А тут все сложилось! И началась новая жизнь: поездки по миру, красивые вещи, хорошие машины. Сын окончил хорошую гимназию, поступил в Висконсинский университет. Начали строить дом по своему собственному проекту. Все рассчитали, где, что и как: комната для мамы, комната для помощницы, конечно, для сына и даже для внуков. Сами сажали цветы и деревья, сами стригли газон. Мы очень любили свой дом, очень холили каждый уголок, каждую веточку, каждый цветочек. Радовались первому яблочку, мелкому, кислому. – Вспоминая, она улыбнулась. – Ну а потом эта беда. В госпитале я молила бога об одном – только бы он остался на этом свете. В любом виде, в любом состоянии, только бы жил! Мне сразу сказали – ходить он не будет. Но с головой и с руками все хорошо. Боже, как я была счастлива! Он будет жить, будет работать, читать, смотреть фильмы, слушать музыку! Он будет рядом, со мной! В те минуты мне казалось, что счастливей меня нет на всем белом свете. Да, собственно, так все и есть: он жив, и он со мной. – Мила помолчала, потом через силу продолжила: – А после начались наши мытарства. Пять операций: Германия, Америка, Израиль. Все без толку, муж так и не встал. Конечно, мы продали дом. Деньги, деньги, везде и повсюду. А бизнес… – Нахмурившись, Мила посмотрела в окно. – А бизнес, как часто бывает, у нас отобрали. Все по классическому сериальному сценарию – отобрал партнер и, самое главное, близкий приятель. Воспользовался моментом и, как говорят, отжал. Большого труда это не стоило. Дом продали, а денег все равно не хватало – операции, реабилитации, доктора, переезды, гостиницы. Все стоило колоссальных, неподъемных денег! Тогда мне снились кошмарные сны – я граблю банк, представляете? Я, законопослушный гражданин, не нарушающий правил дорожного движения, граблю банк! Это из подсознания. Верите, я была к этому почти готова! Только чтобы спасти мужа. А как не хотелось продавать дом! Мы оба чуть не плакали. Это же наше детище, наше гордость! К тому же за городом мужу было легче – нам всем было легче! Почти в любую погоду он спал на террасе, на улице. А наш партнер и близкий приятель… Он все время врал. Врал, что деньги вот-вот будут, что он получил хороший заказ. Да не о чем говорить, сплошное вранье. И он оказался подонком, конченой сволочью.

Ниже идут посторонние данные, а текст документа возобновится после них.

lemma has_real_derivative_scalar_prod_vec_upd:
  assumes "dim_vec d = n" and "dim_vec w = n" and "s < n"
  shows "((\<lambda>x. (vec n (f(s := x)) - d) \<bullet> w) has_real_derivative w $ s) (at x)"
proof -
  have "((\<lambda>x. \<Sum>k<n. ((f(s := x)) k - d $ k) * w $ k) has_real_derivative
      (\<Sum>k<n. of_bool (s = k) * w $ k)) (at x)"
    by (intro DERIV_sum DERIV_cmult_right has_real_derivative_fun_upd_minus)
  also have "(\<Sum>k<n. of_bool (s = k) * w $ k) = w $ s"
    using assms(3) by (simp add: of_bool_def if_distrib[of "\<lambda>x. x * _"] sum.delta cong: if_cong)
  finally show ?thesis
    unfolding scalar_prod_vec_upd_minus[OF assms(1,2)] .
qed

lemma minus_vec_eq_zero_iff:
  fixes u v :: "'a :: ab_group_add Matrix.vec"
  assumes "u \<in> carrier_vec n" and "v \<in> carrier_vec n"
  shows "u - v = 0\<^sub>v n \<longleftrightarrow> u = v"
proof
  assume diff: "u - v = 0\<^sub>v n"
  have "u $ i = v $ i" if "i < n" for i
  proof -
    have "(u - v) $ i = 0" using diff that by simp
    then show ?thesis using assms that by simp
  qed
  then show "u = v"
    using assms by (intro eq_vecI) auto
qed (use assms in simp)

lemma scalar_prod_self_pos:
  fixes v :: "real Matrix.vec"
  assumes "v \<in> carrier_vec n" and "v \<noteq> 0\<^sub>v n"
  shows "v \<bullet> v > 0"
  using conjugate_square_greater_0_vec[OF assms(1)] assms(2) by simp

lemma has_real_derivative_vnorm_vec_upd:
  assumes d: "d \<in> carrier_vec n" and s: "s < n" and ne: "vec n (f(s := x)) \<noteq> d"
  defines "v \<equiv> \<lambda>x. vec n (f(s := x)) - d"
  shows "((\<lambda>x. vnorm (v x)) has_real_derivative v x $ s / vnorm (v x)) (at x)"
proof -
  have vv: "v y \<bullet> v y = (\<Sum>k<n. ((f(s := y)) k - d $ k)^2)" for y
    using d unfolding v_def scalar_prod_def
    by (auto simp: power2_eq_square atLeast0LessThan intro!: sum.cong)
  have pos: "v x \<bullet> v x > 0"
    using d ne by (intro scalar_prod_self_pos[of _ n]) (auto simp: v_def minus_vec_eq_zero_iff)
  have "((\<lambda>y. v y \<bullet> v y) has_real_derivative (\<Sum>k<n. 2 * ((f(s := x)) k - d $ k) * of_bool (s = k))) (at x)"
  proof -
    have "((\<lambda>y. ((f(s := y)) k - d $ k)^2) has_real_derivative
        2 * ((f(s := x)) k - d $ k) * of_bool (s = k)) (at x)" for k
      using DERIV_power[OF has_real_derivative_fun_upd_minus, where n = 2]
      by (rule DERIV_cong) (simp add: mult_ac)
    then show ?thesis
      unfolding vv by (intro DERIV_sum)
  qed
  also have "(\<Sum>k<n. 2 * ((f(s := x)) k - d $ k) * of_bool (s = k)) = 2 * v x $ s"
    using s d unfolding v_def by (simp add: of_bool_def if_distrib[of "\<lambda>x. _ * x"] sum.delta cong: if_cong)
  finally have "((\<lambda>y. sqrt (v y \<bullet> v y)) has_real_derivative
      inverse (sqrt (v x \<bullet> v x)) / 2 * (2 * v x $ s)) (at x)"
    using pos by (intro DERIV_chain2[OF DERIV_real_sqrt]) auto
  then show ?thesis
    unfolding vnorm_def by (simp add: field_simps)
qed

section \<open>Finite sums\<close>

lemma sum_of_nat_sq_Icc_real: "(\<Sum>n\<in>{1..K}. (real n)^2) = real K * (real K + 1) * (2 * real K + 1) / 6"
  by (induction K) (auto simp: field_simps power2_eq_square)
text \<open>By energy conservation the integrand equals \<open>1 / y'\<close> along the trajectory, so
  \<open>transit_time x\<close> inverts \<open>\<lambda>t. y t x\<close>.\<close>
lemma transit_time_y:
  assumes x: "x \<in> {0..1}" and "0 \<le> T"
  shows "transit_time x (y T x) = T"
proof -
  have "\<exists>c. \<forall>s\<in>{0..T}. transit_time x (y s x) - s = c"
  proof (rule has_field_derivative_zero_constant)
    fix s assume s: "s \<in> {0..T}"
    have img: "(\<lambda>s. y s x) ` {0..T} \<subseteq> {x..y T x}"
      using \<open>0 \<le> T\<close> by (auto intro!: y_ge_start[OF x] y_mono[OF x])
    have "(transit_time x has_real_derivative slowness (H x - U (y s x))) (at (y s x) within {x..y T x})"
      unfolding transit_time_def
      by (rule integral_has_real_derivative[OF transit_integrand_continuous[OF x]]) (use img s in blast)
    moreover have "((\<lambda>s. y s x) has_real_derivative y' s x) (at s within {0..T})"
      using y_deriv[OF x, of s] s by (auto intro: has_field_derivative_subset)
    ultimately have "((\<lambda>s. transit_time x (y s x)) has_real_derivative
        slowness (H x - U (y s x)) * y' s x) (at s within {0..T})"
      using DERIV_image_chain[OF has_field_derivative_subset[OF _ img]] by (simp add: o_def)
    moreover have "slowness (H x - U (y s x)) * y' s x = 1"
    proof -
      have kinetic: "H x - U (y s x) = (y' s x)^2 / 2"
        using energy_conservation[OF x, of s] s by simp
      show ?thesis
        unfolding slowness_def kinetic using velocity_pos[OF x, of s] s by simp
    qed
    ultimately show "((\<lambda>s. transit_time x (y s x) - s) has_real_derivative 0) (at s within {0..T})"
      by (auto intro!: derivative_eq_intros)
  qed simp
  then obtain c where c: "\<And>s. s \<in> {0..T} \<Longrightarrow> transit_time x (y s x) - s = c"
    by blast
  show ?thesis
    using c[of 0] c[of T] \<open>0 \<le> T\<close> y_init[OF x] by (simp add: transit_time_def)
qed

lemma y_reaches:
  assumes x: "x \<in> {0..1}" and "x \<le> p"
  shows "\<exists>t\<ge>0. y t x = p"
proof (rule ccontr)
  assume miss: "\<not> ?thesis"
  define t where "t = transit_time x p + 1"
  have "0 \<le> t"
    using transit_time_nonneg[OF x, of p] by (simp add: t_def)
  have "y t x < p"
  proof (rule ccontr)
    assume "\<not> y t x < p"
    then obtain s where "0 \<le> s" "y s x = p"
      using IVT'[of "\<lambda>s. y s x" 0 p t] continuous_on_subset[OF y_continuous[OF x], of "{0..t}"]
        y_init[OF x] \<open>x \<le> p\<close> \<open>0 \<le> t\<close> by force
    then show False
      using miss by blast
  qed
  then have "transit_time x (y t x) \<le> transit_time x p"
    unfolding transit_time_def
    by (intro integral_subset_le transit_integrand_integrable[OF x])
       (use y_ge_start[OF x \<open>0 \<le> t\<close>] in \<open>auto intro: transit_integrand_nonneg[OF x]\<close>)
  then show False
    using transit_time_y[OF x \<open>0 \<le> t\<close>] by (simp add: t_def)
qed
lemma Tiso_functor_transport:
  assumes F: "Tiso_functor D V Fo Fm" and D: "\<forall>\<alpha>\<in>D. neg_root \<alpha> \<in> D"
    and inj: "inj_on \<Phi> V" and W: "\<Phi> ` V \<subseteq> W" and Go: "\<forall>\<alpha>\<in>D. Go \<alpha> = \<Phi> ` Fo \<alpha>"
  shows "Tiso_functor D W Go (transport_mor \<Phi> V Fm)"
proof (rule Tiso_functorI[OF D])
  have sub: "\<And>\<alpha>. \<alpha> \<in> D \<Longrightarrow> Fo \<alpha> \<subseteq> V"
    and maps: "\<And>\<alpha> c. \<alpha> \<in> D \<Longrightarrow> c \<in> Fo \<alpha> \<Longrightarrow> Fm \<alpha> c \<in> Fo (neg_root \<alpha>)"
    and inverse: "\<And>\<alpha> c. \<alpha> \<in> D \<Longrightarrow> c \<in> Fo \<alpha> \<Longrightarrow> Fm (neg_root \<alpha>) (Fm \<alpha> c) = c"
    using F unfolding Tiso_functor_def bij_betw_def by blast+
  show "\<forall>\<alpha>\<in>D. Go \<alpha> \<subseteq> W" using Go sub W by blast
  show "\<forall>\<alpha>\<in>D. transport_mor \<Phi> V Fm \<alpha> ` Go \<alpha> \<subseteq> Go (neg_root \<alpha>)"
    using Go D sub maps transport_mor_apply[OF inj] by (smt (verit) image_iff subset_iff)
  show "\<forall>\<alpha>\<in>D. \<forall>d\<in>Go \<alpha>. transport_mor \<Phi> V Fm (neg_root \<alpha>) (transport_mor \<Phi> V Fm \<alpha> d) = d"
  proof (intro ballI)
    fix \<alpha> d assume a: "\<alpha> \<in> D" and "d \<in> Go \<alpha>"
    then obtain c where c: "c \<in> Fo \<alpha>" and d: "d = \<Phi> c" using Go by blast
    have "Fm \<alpha> c \<in> V" using maps[OF a c] sub D a by blast
    then have "transport_mor \<Phi> V Fm (neg_root \<alpha>) (transport_mor \<Phi> V Fm \<alpha> (\<Phi> c))
        = \<Phi> (Fm (neg_root \<alpha>) (Fm \<alpha> c))"
      using sub[OF a] c by (simp add: transport_mor_apply[OF inj] subsetD)
    then show "transport_mor \<Phi> V Fm (neg_root \<alpha>) (transport_mor \<Phi> V Fm \<alpha> d) = d"
      using d inverse[OF a c] by simp
  qed
qed

section \<open>Roots and the rotation \<nu>\<close>

lemma mem_Delta_iso_iff: "(s, i, j) \<in> Delta_iso n m \<longleftrightarrow> 1 \<le> i \<and> i \<le> n \<and> 1 \<le> j \<and> j \<le> m"
  unfolding Delta_iso_def by auto

lemma neg_root_in_Delta_iso: "\<alpha> \<in> Delta_iso n m \<Longrightarrow> neg_root \<alpha> \<in> Delta_iso n m"
  by (cases \<alpha>) (auto simp: Delta_iso_def)

lemma mod_add_one_int:
  "0 < (n::int) \<Longrightarrow> (a + 1) mod n = (if a mod n + 1 = n then 0 else a mod n + 1)"
  by (smt (verit, best) mod_add_right_eq mod_self pos_mod_bound pos_mod_sign zmod_trivial_iff)

lemma mod_diff_one_int:
  "0 < (n::int) \<Longrightarrow> (a - 1) mod n = (if a mod n = 0 then n - 1 else a mod n - 1)"
  by (smt (verit, best) mod_diff_eq mod_pos_pos_trivial pos_mod_bound pos_mod_sign zmod_minus1)
lemma expectation_diff_le:
  fixes f h :: "'b \<Rightarrow> real"
  assumes "integrable (measure_pmf p) f" "integrable (measure_pmf p) h" "\<And>x. f x - h x \<le> c"
  shows "measure_pmf.expectation p f - measure_pmf.expectation p h \<le> c"
proof -
  have "measure_pmf.expectation p f - measure_pmf.expectation p h
      = measure_pmf.expectation p (\<lambda>x. f x - h x)"
    using assms(1,2) by simp
  also have "\<dots> \<le> c"
    using assms by (intro expectation_le_const) auto
  finally show ?thesis .
qed

lemma expectation_affine:
  fixes f :: "'b \<Rightarrow> real"
  assumes "integrable (measure_pmf p) f"
  shows "measure_pmf.expectation p (\<lambda>x. c + k * f x) = c + k * measure_pmf.expectation p f"
  using assms by (simp add: measure_pmf.prob_space)

lemma expectation_bind_pmf:
  fixes f :: "'b \<Rightarrow> real"
  assumes "bounded (range f)"
  shows "measure_pmf.expectation (bind_pmf M N) f
    = measure_pmf.expectation M (\<lambda>x. measure_pmf.expectation (N x) f)"
proof -
  obtain B where "\<And>x. \<bar>f x\<bar> \<le> B"
    using assms unfolding bounded_range_iff_abs_le by blast
  then show ?thesis
    unfolding measure_pmf_bind
    by (intro integral_bind[where K="count_space UNIV" and B=B and B'=1])
       (auto simp: measure_pmf.finite_measure measure_pmf_in_subprob_algebra)
qed

lemma Max_image_attained:
  assumes "finite A" "A \<noteq> {}"
  obtains a where "a \<in> A" "(MAX x\<in>A. f x) = f a"
proof -
  have "(MAX x\<in>A. f x) \<in> f ` A"
    using assms by (intro Max_in) simp_all
  then show ?thesis
    using that by blast
qed

lemma Max_image_diff_le:
  fixes f h :: "'b \<Rightarrow> real"
  assumes "finite A" "A \<noteq> {}" "\<And>x. x \<in> A \<Longrightarrow> f x - h x \<le> c"
  shows "(MAX x\<in>A. f x) - (MAX x\<in>A. h x) \<le> c"
proof -
  obtain x where "x \<in> A" "(MAX x\<in>A. f x) = f x"
    using Max_image_attained[OF assms(1,2)] .
  moreover have "h x \<le> (MAX x\<in>A. h x)"
    using \<open>x \<in> A\<close> assms(1) by simp
  ultimately show ?thesis
    using assms(3)[of x] by linarith
qed

section \<open>Contractions on bounded functions\<close>

text \<open>Blackwell's monotonicity and discounting conditions, merged into a single inequality.\<close>

locale blackwell_contraction =
  fixes F :: "('s \<Rightarrow> real) \<Rightarrow> 's \<Rightarrow> real" and q :: real
  assumes q_nonneg: "0 \<le> q" and q_less_1: "q < 1"
    and bounded_image: "bounded (range f) \<Longrightarrow> bounded (range (F f))"
    and image_diff_le: "bounded (range f) \<Longrightarrow> bounded (range h) \<Longrightarrow> (\<And>s. f s - h s \<le> c)
      \<Longrightarrow> F f s - F h s \<le> q * c"
begin

lemma abs_image_diff_le:
  assumes "bounded (range f)" "bounded (range h)" "\<And>s. \<bar>f s - h s\<bar> \<le> c"
  shows "\<bar>F f s - F h s\<bar> \<le> q * c"
proof -
  have "f s - h s \<le> c" "h s - f s \<le> c" for s
    using assms(3)[of s] by auto
  then show ?thesis
    using image_diff_le[OF assms(1,2)] image_diff_le[OF assms(2,1)] by (smt (verit))
qed

lemma le_if_diff_le_image_diff:
  assumes f: "bounded (range f)" and h: "bounded (range h)"
    and le: "\<And>s. f s - h s \<le> F f s - F h s"
  shows "f s \<le> h s"
proof -
  define M where "M = (SUP s. f s - h s)"
  have "bdd_above (range (\<lambda>s. f s - h s))"
    using bounded_imp_bdd_above[OF bounded_minus_comp[OF f h]] .
  then have upper: "f s - h s \<le> M" for s
    unfolding M_def by (intro cSUP_upper) auto
  have "f s - h s \<le> q * M" for s
    using le[of s] image_diff_le[OF f h upper, of s] by linarith
  then have "M \<le> q * M"
    unfolding M_def by (intro cSUP_least) auto
  then have "M \<le> 0"
    using q_less_1 by (smt (verit) mult_le_cancel_right1)
  then show ?thesis
    using upper[of s] by simp
qed

lemma le_fixpoint:
  assumes "bounded (range v)" "bounded (range w)" "F w = w" "\<And>s. v s \<le> F v s"
  shows "v s \<le> w s"
proof (rule le_if_diff_le_image_diff[OF assms(1,2)])
  show "v s - w s \<le> F v s - F w s" for s
    using assms(3) assms(4)[of s] by simp
qed

lemma fixpoint_le:
  assumes "bounded (range v)" "bounded (range w)" "F w = w" "\<And>s. F v s \<le> v s"
  shows "w s \<le> v s"
proof (rule le_if_diff_le_image_diff[OF assms(2,1)])
  show "w s - v s \<le> F w s - F v s" for s
    using assms(3) assms(4)[of s] by simp
qed

lemma fixpoint_exists:
  obtains w where "bounded (range w)" "F w = w"
proof -
  txt \<open>Banach's theorem in the space of bounded continuous functions on the discrete copy of
    \<open>'s\<close>, where every bounded function is continuous.\<close>
  have into_bcontfun: "(\<lambda>d. f (of_discrete d)) \<in> bcontfun" if "bounded (range f)" for f :: "'s \<Rightarrow> real"
  proof -
    have "bounded (range (\<lambda>d. f (of_discrete d)))"
      by (rule bounded_subset[OF that]) auto
    moreover have "continuous_on UNIV (\<lambda>d. f (of_discrete d))"
      unfolding continuous_on_open_invariant using open_discrete by blast
    ultimately show ?thesis
      by (simp add: bcontfun_def)
  qed
  define restrict :: "('s discrete \<Rightarrow>\<^sub>C real) \<Rightarrow> 's \<Rightarrow> real"
    where "restrict u s = apply_bcontfun u (discrete s)" for u s
  have bounded_restrict: "bounded (range (restrict u))" for u
    unfolding restrict_def by (rule bounded_subset[OF bounded_apply_bcontfun]) auto
  define G where "G u = Bcontfun (\<lambda>d. F (restrict u) (of_discrete d))" for u
  have G_apply: "apply_bcontfun (G u) d = F (restrict u) (of_discrete d)" for u d
    unfolding G_def using into_bcontfun[OF bounded_image[OF bounded_restrict]]
    by (simp add: Bcontfun_inverse)
  have "dist (G u) (G v) \<le> q * dist u v" for u v
  proof (rule dist_bound)
    fix d
    have "\<bar>restrict u s - restrict v s\<bar> \<le> dist u v" for s
      unfolding restrict_def using dist_bounded[of u _ v] by (simp add: dist_real_def)
    then have "\<bar>F (restrict u) (of_discrete d) - F (restrict v) (of_discrete d)\<bar> \<le> q * dist u v"
      by (intro abs_image_diff_le bounded_restrict)
    then show "dist (G u d) (G v d) \<le> q * dist u v"
      by (simp add: G_apply dist_real_def)
  qed
  then obtain u where "G u = u"
    using banach_fix_type[OF q_nonneg q_less_1] by blast
  then have "F (restrict u) s = restrict u s" for s
    using G_apply[of u "discrete s"] by (simp add: restrict_def discrete_inverse)
  then show ?thesis
    using that[OF bounded_restrict] by fast
qed

lemma iterates_tendsto_fixpoint:
  assumes z: "bounded (range z)" and w: "bounded (range w)" "F w = w"
  shows "(\<lambda>n. (F ^^ n) z s) \<longlonglongrightarrow> w s"
proof -
  have bounded_iterate: "bounded (range ((F ^^ n) z))" for n
  proof (induction n)
    case (Suc n)
    then show ?case by (simp add: bounded_image)
  qed (simp add: z)
  obtain C where C: "\<And>s. \<bar>z s - w s\<bar> \<le> C"
    using bounded_minus_comp[OF z w(1)] unfolding bounded_iff by auto
  have bound: "\<bar>(F ^^ n) z s - w s\<bar> \<le> q ^ n * C" for n s
  proof (induction n arbitrary: s)
    case 0
    then show ?case using C by simp
  next
    case (Suc n)
    have "\<bar>F ((F ^^ n) z) s - F w s\<bar> \<le> q * (q ^ n * C)"
      by (intro abs_image_diff_le bounded_iterate w(1) Suc)
    then show ?case
      using w(2) by (simp add: mult.assoc)
  qed
  have geometric: "(\<lambda>n. q ^ n * C) \<longlonglongrightarrow> 0"
    using q_nonneg q_less_1 by (intro tendsto_mult_left_zero LIMSEQ_power_zero) auto
  have "(\<lambda>n. (F ^^ n) z s - w s) \<longlonglongrightarrow> 0"
    by (rule Lim_null_comparison[OF _ geometric]) (simp add: bound)
  then show ?thesis
    by (simp add: LIM_zero_iff)
qed

end

section \<open>Policy evaluation\<close>

lemma Mop_eq_expectation:
  "Mop P L bet gam pix w s
    = measure_pmf.expectation (pix s) (\<lambda>a. - L s a + gam * measure_pmf.expectation (P a s) w - bet)"
  unfolding Mop_def
  by (subst integral_measure_pmf_real[where A=UNIV]) (auto simp: algebra_simps intro: sum.cong)

lemma disc_return_Cons:
  "disc_return L bet gam g (x # xs) = sw_reward L bet g x + gam * disc_return L bet gam g xs"
  unfolding disc_return_def length_Cons sum.lessThan_Suc_shift
  by (simp add: sum_distrib_left mult.assoc)

locale switching_game =
  fixes P :: "'a::finite \<Rightarrow> 's \<Rightarrow> 's pmf" and pie :: "'s \<Rightarrow> 'a pmf"
    and L :: "'s \<Rightarrow> 'a \<Rightarrow> real" and bet gam :: real
  assumes L_bounded: "\<exists>B. \<forall>s a. \<bar>L s a\<bar> \<le> B"
    and gam_nonneg: "0 \<le> gam" and gam_less_1: "gam < 1"
begin

definition q_value :: "('s \<Rightarrow> real) \<Rightarrow> 's \<Rightarrow> 'a \<Rightarrow> real" where
  "q_value w s a = - L s a + gam * measure_pmf.expectation (P a s) w"
theorem mainTheorem6:
  fixes d1 d2 d3 :: "real \<times> real"
    and th12 th13 :: real
    and s :: complex
    and D1 D2 D3 :: "nat \<Rightarrow> real \<Rightarrow> complex \<times> complex"
  assumes d1_unit: "norm d1 = 1"
    and d2_def: "d2 = rot (- th12) d1"
    and d3_def: "d3 = rot th13 d1"
    and th12: "0 < th12" "th12 < pi"
    and th13: "0 < th13" "th13 < pi"
    and th_sum: "th12 + th13 \<ge> pi"
    and s_pos: "Re s > 0"
    and smooth1: "higher_derivs_on D1 {0..}"
    and smooth2: "higher_derivs_on D2 {0..}"
    and smooth3: "higher_derivs_on D3 {0..}"
    and bdd1: "bounded (D1 0 ` {0..})"
    and bdd2: "bounded (D2 0 ` {0..})"
    and bdd3: "bounded (D3 0 ` {0..})"
    and eq1a: "\<And>t. t > 0 \<Longrightarrow>
        s * cdot (D1 0 t) (cvec (perp d1)) = cdot (D1 2 t) (cvec (perp d1))"
    and eq1b: "\<And>t. t > 0 \<Longrightarrow> cdot (cvec d1) (D1 2 t) = 0"
    and eq2a: "\<And>t. t > 0 \<Longrightarrow>
        s * cdot (D2 0 t) (cvec (perp d2)) = - cdot (D2 4 t) (cvec (perp d2))"
    and eq2b: "\<And>t. t > 0 \<Longrightarrow> cdot (cvec d2) (D2 2 t) = 0"
    and eq3a: "\<And>t. t > 0 \<Longrightarrow>
        s * cdot (D3 0 t) (cvec (perp d3)) = - cdot (D3 4 t) (cvec (perp d3))"
    and eq3b: "\<And>t. t > 0 \<Longrightarrow> cdot (cvec d3) (D3 2 t) = 0"
    and bc_i: "D1 0 0 = D2 0 0" "D2 0 0 = D3 0 0"
    and bc_ii2: "cdot (cvec d1) (D2 1 0) + cdot (cvec d2) (D1 1 0)
        - cdot (cvec d1) (cvec d2) * (cdot (cvec d1) (D1 1 0) + cdot (cvec d2) (D2 1 0)) = 0"
    and bc_ii3: "cdot (cvec d1) (D3 1 0) + cdot (cvec d3) (D1 1 0)
        - cdot (cvec d1) (cvec d3) * (cdot (cvec d1) (D1 1 0) + cdot (cvec d3) (D3 1 0)) = 0"
    and bc_iii: "cdot (D2 2 0) (cvec (perp d2)) = - cdot (D3 2 0) (cvec (perp d3))"
    and bc_iv: "cdot (D2 3 0) (cvec (perp d2)) = cdot (D3 3 0) (cvec (perp d3))"
  shows "\<forall>t\<ge>0. D1 0 t = 0 \<and> D2 0 t = 0 \<and> D3 0 t = 0"
proof -
  obtain a c :: complex
    where ac: "Re a > 0" "Re c > 0" "Re (a * c) > 0" "a\<^sup>2 + c\<^sup>2 = 0" "(a * c)\<^sup>2 = s"
    using exists_right_half_plane_fourth_roots[OF s_pos] by blast
  have "d1 \<noteq> 0" "d2 \<noteq> 0" "d3 \<noteq> 0" using d1_unit by (auto simp: d2_def d3_def rot_eq_0_iff)
  note B1 = grain_boundary_branch[OF smooth1 bdd1 \<open>d1 \<noteq> 0\<close> ac(3,5) eq1a eq1b]
  note B2 = surface_branch[OF smooth2 bdd2 \<open>d2 \<noteq> 0\<close> ac(1,2,4,5) eq2a eq2b]
  note B3 = surface_branch[OF smooth3 bdd3 \<open>d3 \<noteq> 0\<close> ac(1,2,4,5) eq3a eq3b]
  define P Q where "P = cdot (D1 0 0) (cvec d1)" and "Q = cdot (D1 0 0) (cvec (perp d1))"
  define n2 n3 where "n2 k = cdot (D2 k 0) (cvec (perp d2))" and "n3 k = cdot (D3 k 0) (cvec (perp d3))"
    for k
  have "sin (- th12) \<noteq> 0" "sin th13 \<noteq> 0" using sin_gt_zero[OF th12] sin_gt_zero[OF th13] by simp_all
  have "n2 1 = cdot (D1 1 0) (cvec (perp d1))"
    using \<open>sin (- th12) \<noteq> 0\<close> B1(1) B2(1) bc_ii2 unfolding n2_def d2_def
    by (rule young_condition_normal_slopes_eq)
  moreover have "n3 1 = cdot (D1 1 0) (cvec (perp d1))"
    using \<open>sin th13 \<noteq> 0\<close> B1(1) B3(1) bc_ii3 unfolding n3_def d3_def
    by (rule young_condition_normal_slopes_eq)
  ultimately have slopes: "n2 1 = - (a * c) * Q" "n3 1 = - (a * c) * Q"
    using B1(2) by (simp_all add: Q_def)
  have "a + c \<noteq> 0" "a * c \<noteq> 0" using ac(1-3) Re_pos_add_neq_0 by auto
  then have "n2 0 = (a + c) * Q \<and> n3 0 = (a + c) * Q"
    using slopes B2(2) B3(2) B2(3) B3(3) bc_iii bc_iv unfolding n2_def n3_def
    by (rule surface_normals_at_junction)
  then have "of_real (cos th12) * Q + of_real (sin th12) * P = (a + c) * Q"
      "of_real (cos th13) * Q - of_real (sin th13) * P = (a + c) * Q"
    using bc_i by (simp_all add: n2_def n3_def d2_def d3_def cdot_perp_rot_right P_def Q_def)
  moreover have "Re (a + c) > 0" using ac(1,2) by simp
  ultimately have "P = 0" "Q = 0" using junction_normal_system_trivial[OF th12 th13 th_sum] by blast+
  then have "D1 0 0 = 0" using \<open>d1 \<noteq> 0\<close> eq_0_if_cdot_tangent_normal_eq_0 by (simp add: P_def Q_def)
  then show ?thesis using B1(3) B2(4) B3(4) bc_i slopes \<open>Q = 0\<close> by (simp add: n2_def n3_def)
qed

end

После продажи дома мы переехали в старую московскую квартиру. Нет, она нормальная, слава богу, еще до всего мы успели там сделать ремонт. Но после дома, простора, леса на участке… Вы понимаете.
– Ничего не понимаю, – растерянно сказала Тамара. – Ты такая… ухоженная, гладкая, ни единой морщинки. Прическа, стрижечка – волосок к волоску! Тряпки – я ж вижу, какие и почем, я же торгашка, разбираюсь! Прислуга, говоришь, помощница – та, для кого рецепт пирожков!
Мила улыбнулась.
– Сейчас оправдаюсь по пунктам. На стрижку я деньги нахожу, да это и недорого – стрижет меня соседка, моя подружка. Лицо гладкое? Это генетика – у моей мамы кожа такая, что молодые завидуют. Одежда? Остатки прежней роскоши. Я люблю классику, а она из моды не выйдет. К тому же вещи брендовые, дорогие, им сносу нет. А про прислугу – как вы ее называете… Так здесь да, удивительно. Нам повезло несказанно – Верочка наша чудесная. Не человек – ангел. Она из Приднестровья, одинокая и бездетная. Работала у нас еще тогда, когда все было прекрасно. А случилась беда, и она нас не бросила. Хотя я ее упрашивала уйти и найти нормальную, хорошо оплачиваемую работу. Я бы дала ей лучшие рекомендации, мои знакомые ее на части рвали – и умница, и не сплетница, и чистюля, и повариха отменная. Словом, находка!
Но она не ушла, вы представляете? «Людмила Александровна, вас не брошу!» Да какая там прислуга – сестра! Член семьи, дорогой человек, без нее бы мы пропали, не справились. Да что там – если бы не Верочка, меня бы уже просто не было! Ни меня, ни моего мужа.
Все удрученно молчали. «Вот тебе и гладкая, модная, благополучная женщина, – подумала Лиза. – Сколько на свете горя! И Томины проблемы не проблемы, а так, ерунда, – кажется, она и сама об этом задумалась А уж мои!»
– Все, девки! По последней! – Тамара разлила по стаканчикам остатки коньяка. – А ты, Мил, героиня! А с виду не скажешь.
Мила махнула рукой.
– Какая там героиня. Вот Боречка мой настоящий герой! Нет, всякое было – и жить не хотел, и умолял отдать его в пансионат. Уговаривал, чтобы я не губила свою жизнь, просто гнал меня из дома, да и нашу Верочку уговаривал уйти. Дурачок! – улыбнулась Мила и утерла слезу. – Глупый ужасно! Не понимает, что жизнь без него… Да какая там жизнь без него? Я по маме скучаю, а уже через день думаю – скорее бы домой, к своему Борьке, обнять его. В общем, девчонки, я очень счастливая, потому что я жить без него не могу.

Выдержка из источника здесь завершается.